I was stalling, improvising, but Eric didn’t argue. We parked in the garage beneath his office. When we said good-bye, I felt lighter, then lighter still walking away from the reflecting glass of his tall building. The sky had become an unambiguous blue. The girls and I turned on Sutter toward Union Square, grateful to be anonymous. I told them we’d have breakfast at Sears Famous Pancakes. They were quiet, Lilly hanging on to Julia rather than me, neither one complaining about having to stand in line for a table.
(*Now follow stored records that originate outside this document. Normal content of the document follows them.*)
lemma Linf_ge_at_touching_power_cone:
  fixes \<phi> :: "'a::real_normed_vector \<Rightarrow> real"
  assumes "0 < \<alpha>" "\<alpha> \<le> 1" "M \<le> 0"
    and above: "\<And>w. c + M * norm (w - x) powr \<alpha> \<le> \<phi> w"
    and touch: "\<phi> z = c + M * norm (z - x) powr \<alpha>"
    and "z \<noteq> x" "c + \<eta> \<le> \<phi> x"
  shows "ereal (\<eta> / norm (z - x) powr \<alpha>) \<le> Linf \<alpha> \<phi> z"
proof -
  define n where "n = norm (z - x) powr \<alpha>"
  have "0 < n" using \<open>z \<noteq> x\<close> by (simp add: n_def)
  have "\<eta> - M * n \<le> \<phi> x - \<phi> z" using assms(7) touch by (simp add: n_def)
  then have "\<eta> / n - M \<le> (\<phi> x - \<phi> z) / n"
    using \<open>0 < n\<close> divide_right_mono[of "\<eta> - M * n" "\<phi> x - \<phi> z" n] by (simp add: diff_divide_distrib)
  also have "ereal \<dots> \<le> Lplus \<alpha> \<phi> z"
    unfolding Lplus_def n_def by (rule SUP_upper) (use assms(6) in auto)
  finally have "ereal (\<eta> / n - M) + ereal M \<le> Lplus \<alpha> \<phi> z + Lminus \<alpha> \<phi> z"
    using Lminus_ge_at_touching_power_cone[OF assms(1-5)] by (intro add_mono) auto
  then show ?thesis by (simp add: Linf_def n_def)
qed

lemma lsc_attains_negative_min:
  fixes g :: "'a::heine_borel \<Rightarrow> real"
  assumes "lsc g" "bounded \<Omega>" "\<And>w. w \<notin> \<Omega> \<Longrightarrow> 0 \<le> g w" "g y < 0"
  obtains z where "z \<in> \<Omega>" "g z < 0" "\<And>w. g z \<le> g w"
proof -
  have "y \<in> \<Omega>" using assms(3,4) by (meson not_le)
  then obtain z where z: "z \<in> closure \<Omega>" "\<And>w. w \<in> closure \<Omega> \<Longrightarrow> g z \<le> g w"
    using lsc_attains_min_on_compact[OF _ _ assms(1)] assms(2) compact_closure by blast
  have "g z < 0" using z(2)[of y] assms(4) \<open>y \<in> \<Omega>\<close> closure_subset by force
  moreover have "g z \<le> g w" for w
  proof (cases "w \<in> closure \<Omega>")
    case False
    then have "w \<notin> \<Omega>" using closure_subset by blast
    then show ?thesis using assms(3) \<open>g z < 0\<close> by force
  qed (use z in blast)
  moreover have "z \<in> \<Omega>" using assms(3) \<open>g z < 0\<close> by (meson not_le)
  ultimately show ?thesis using that by blast
qed

lemma visc_super_above_power_cone:
  fixes u f :: "'a::euclidean_space \<Rightarrow> real"
  assumes "visc_super \<alpha> \<Omega> f u" "0 < \<alpha>" "\<alpha> \<le> 1" "bounded \<Omega>" "\<And>z. z \<in> \<Omega> \<Longrightarrow> f z \<le> 0"
    and "bounded (range u)" "x \<in> \<Omega>" "M \<le> 0"
    and outside: "\<And>w. w \<notin> \<Omega> \<Longrightarrow> M * norm (w - x) powr \<alpha> \<le> u w - u x"
  shows "M * norm (y - x) powr \<alpha> \<le> u y - u x"
proof (rule ccontr)
  have lsc: "lsc u" and test: "\<And>z \<phi>. z \<in> \<Omega> \<Longrightarrow> loc_lipschitz \<phi> \<Longrightarrow> growth_ok \<alpha> \<phi> \<Longrightarrow>
      \<phi> z = u z \<Longrightarrow> (\<And>w. \<phi> w \<le> u w) \<Longrightarrow> Linf \<alpha> \<phi> z \<le> ereal (f z)"
    using assms(1) unfolding visc_super_def by blast+
  obtain B where B: "\<And>w. \<bar>u w\<bar> \<le> B" using assms(6) unfolding bounded_real by blast
  define g where "g w = u w - (u x + M * norm (w - x) powr \<alpha>)" for w
  have "lsc g"
    unfolding g_def using lsc assms(2)
    by (intro lsc_diff_continuous continuous_intros continuous_on_powr') auto
  moreover assume "\<not> M * norm (y - x) powr \<alpha> \<le> u y - u x"
  then have "g y < 0" by (simp add: g_def)
  moreover have "0 \<le> g w" if "w \<notin> \<Omega>" for w using outside[OF that] by (simp add: g_def)
  ultimately obtain z where z: "z \<in> \<Omega>" "g z < 0" "\<And>w. g z \<le> g w"
    using lsc_attains_negative_min assms(4) by metis
  define \<delta> where "\<delta> = - g z"
  have "0 < \<delta>" using z(2) by (simp add: \<delta>_def)
  moreover have "u x - \<delta> + M * norm (w - x) powr \<alpha> \<le> u w" for w
    using z(3)[of w] by (simp add: \<delta>_def g_def)
  ultimately obtain \<phi> where \<phi>: "loc_lipschitz \<phi>" "growth_ok \<alpha> \<phi>" "\<And>w. \<phi> w \<le> u w"
      "\<And>w. u x - \<delta> + M * norm (w - x) powr \<alpha> \<le> \<phi> w" "u x - \<delta> / 2 \<le> \<phi> x"
    using touching_power_cone_test_function[OF lsc B assms(2,3,8)] by blast
  have touch: "\<phi> z = u x - \<delta> + M * norm (z - x) powr \<alpha>"
    using \<phi>(3,4)[of z] by (simp add: \<delta>_def g_def)
  have "z \<noteq> x" using z(2) assms(2) by (auto simp: g_def)
  define n where "n = norm (z - x) powr \<alpha>"
  have "ereal (\<delta> / 2 / n) \<le> Linf \<alpha> \<phi> z"
    unfolding n_def using \<phi>(5) \<open>z \<noteq> x\<close>
    by (intro Linf_ge_at_touching_power_cone[OF assms(2,3,8) \<phi>(4) touch]) auto
  also have "\<dots> \<le> ereal (f z)"
    using test[OF z(1) \<phi>(1,2) _ \<phi>(3)] \<phi>(3)[of z] touch by (simp add: \<delta>_def g_def)
  finally have "\<delta> / 2 / n \<le> f z" by simp
  moreover have "0 < \<delta> / 2 / n" using \<open>0 < \<delta>\<close> \<open>z \<noteq> x\<close> by (simp add: n_def)
  ultimately show False using assms(5)[OF z(1)] by linarith
qed

lemma INF_quotient_complement_nonpos:
  fixes u :: "'a::euclidean_space \<Rightarrow> real"
  assumes "0 < \<alpha>" "bounded \<Omega>" "bounded (range u)"
  shows "(INF y\<in>UNIV - \<Omega>. ereal ((u y - u x) / norm (y - x) powr \<alpha>)) \<le> 0"
proof (rule ereal_le_epsilon2)
  fix \<epsilon> :: real assume "0 < \<epsilon>"
  obtain B where B: "\<And>w. \<bar>u w\<bar> \<le> B" using assms(3) unfolding bounded_real by blast
  obtain b where b: "\<And>w. w \<in> \<Omega> \<Longrightarrow> norm w \<le> b" using assms(2) unfolding bounded_iff by blast
  obtain e :: 'a where e: "e \<in> Basis" using nonempty_Basis by blast
  define T where "T = max (norm x + \<bar>b\<bar> + 1) ((2 * B / \<epsilon>) powr (1 / \<alpha>))"
  define y where "y = x + T *\<^sub>R e"
  have "0 < T" by (simp add: T_def max.strict_coboundedI1 add_nonneg_pos)
  then have ny: "norm (y - x) = T" using e by (simp add: y_def)
  have "T \<le> norm y + norm x"
    using norm_triangle_ineq4[of y x] ny by simp
  then have "\<bar>b\<bar> < norm y" by (simp add: T_def)
  then have "y \<notin> \<Omega>" using b[of y] by linarith
  have "2 * B / \<epsilon> \<le> T powr \<alpha>"
  proof -
    have "0 \<le> B" using B[of x] by simp
    then have "2 * B / \<epsilon> = ((2 * B / \<epsilon>) powr (1 / \<alpha>)) powr \<alpha>"
      using assms(1) \<open>0 < \<epsilon>\<close> by (simp add: powr_powr)
    also have "\<dots> \<le> T powr \<alpha>" using assms(1) by (intro powr_mono2) (auto simp: T_def)
    finally show ?thesis .
  qed
  then have "u y - u x \<le> \<epsilon> * norm (y - x) powr \<alpha>"
    using B[of x] B[of y] \<open>0 < \<epsilon>\<close> ny by (simp add: field_simps abs_le_iff)
  then have "(u y - u x) / norm (y - x) powr \<alpha> \<le> \<epsilon>"
    using \<open>0 < T\<close> ny by (simp add: divide_le_eq mult.commute)
  moreover have "(INF y\<in>UNIV - \<Omega>. ereal ((u y - u x) / norm (y - x) powr \<alpha>))
      \<le> ereal ((u y - u x) / norm (y - x) powr \<alpha>)"
    using \<open>y \<notin> \<Omega>\<close> by (intro INF_lower) simp
  ultimately show "(INF y\<in>UNIV - \<Omega>. ereal ((u y - u x) / norm (y - x) powr \<alpha>)) \<le> 0 + ereal \<epsilon>"
    by (simp add: order_trans)
qed

lemma Lminus_le_INF_complement:
  assumes "x \<in> \<Omega>"
  shows "Lminus \<alpha> u x \<le> (INF y\<in>UNIV - \<Omega>. ereal ((u y - u x) / norm (y - x) powr \<alpha>))"
  unfolding Lminus_def
  by (rule INF_superset_mono) (use assms in \<open>auto simp: norm_minus_commute\<close>)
“This is so bizarre,” Julia said, staring at her plate. “What are we supposed to do all day?”

“I thought we’d do some shopping.”

“At the Gap?” she asked, brightening for the first time.

I pretended to think it over before saying yes. I’d give them anything they asked for.

It didn’t take them long to catch on. When we’d worn ourselves out shopping, we went to the movies. I let them buy candy and ice cream. I got cash out of the bank machine to give them money to play video games.

I reserved a room under my married name for all of us at a hotel in
Half Moon Bay. I’d stayed there before. It had a heated pool; the girls could go swimming in their brand-new suits. It made as much sense as anything else. When we met up with Eric after work, he quietly went along with the plan.

Our room had a rose-colored carpet, queen beds with floral-print spreads, and overdone window treatments. I found it oddly comforting. The girls put their things in dresser drawers. Even Eric unpacked. I was the only one who never unpacked no matter where we were.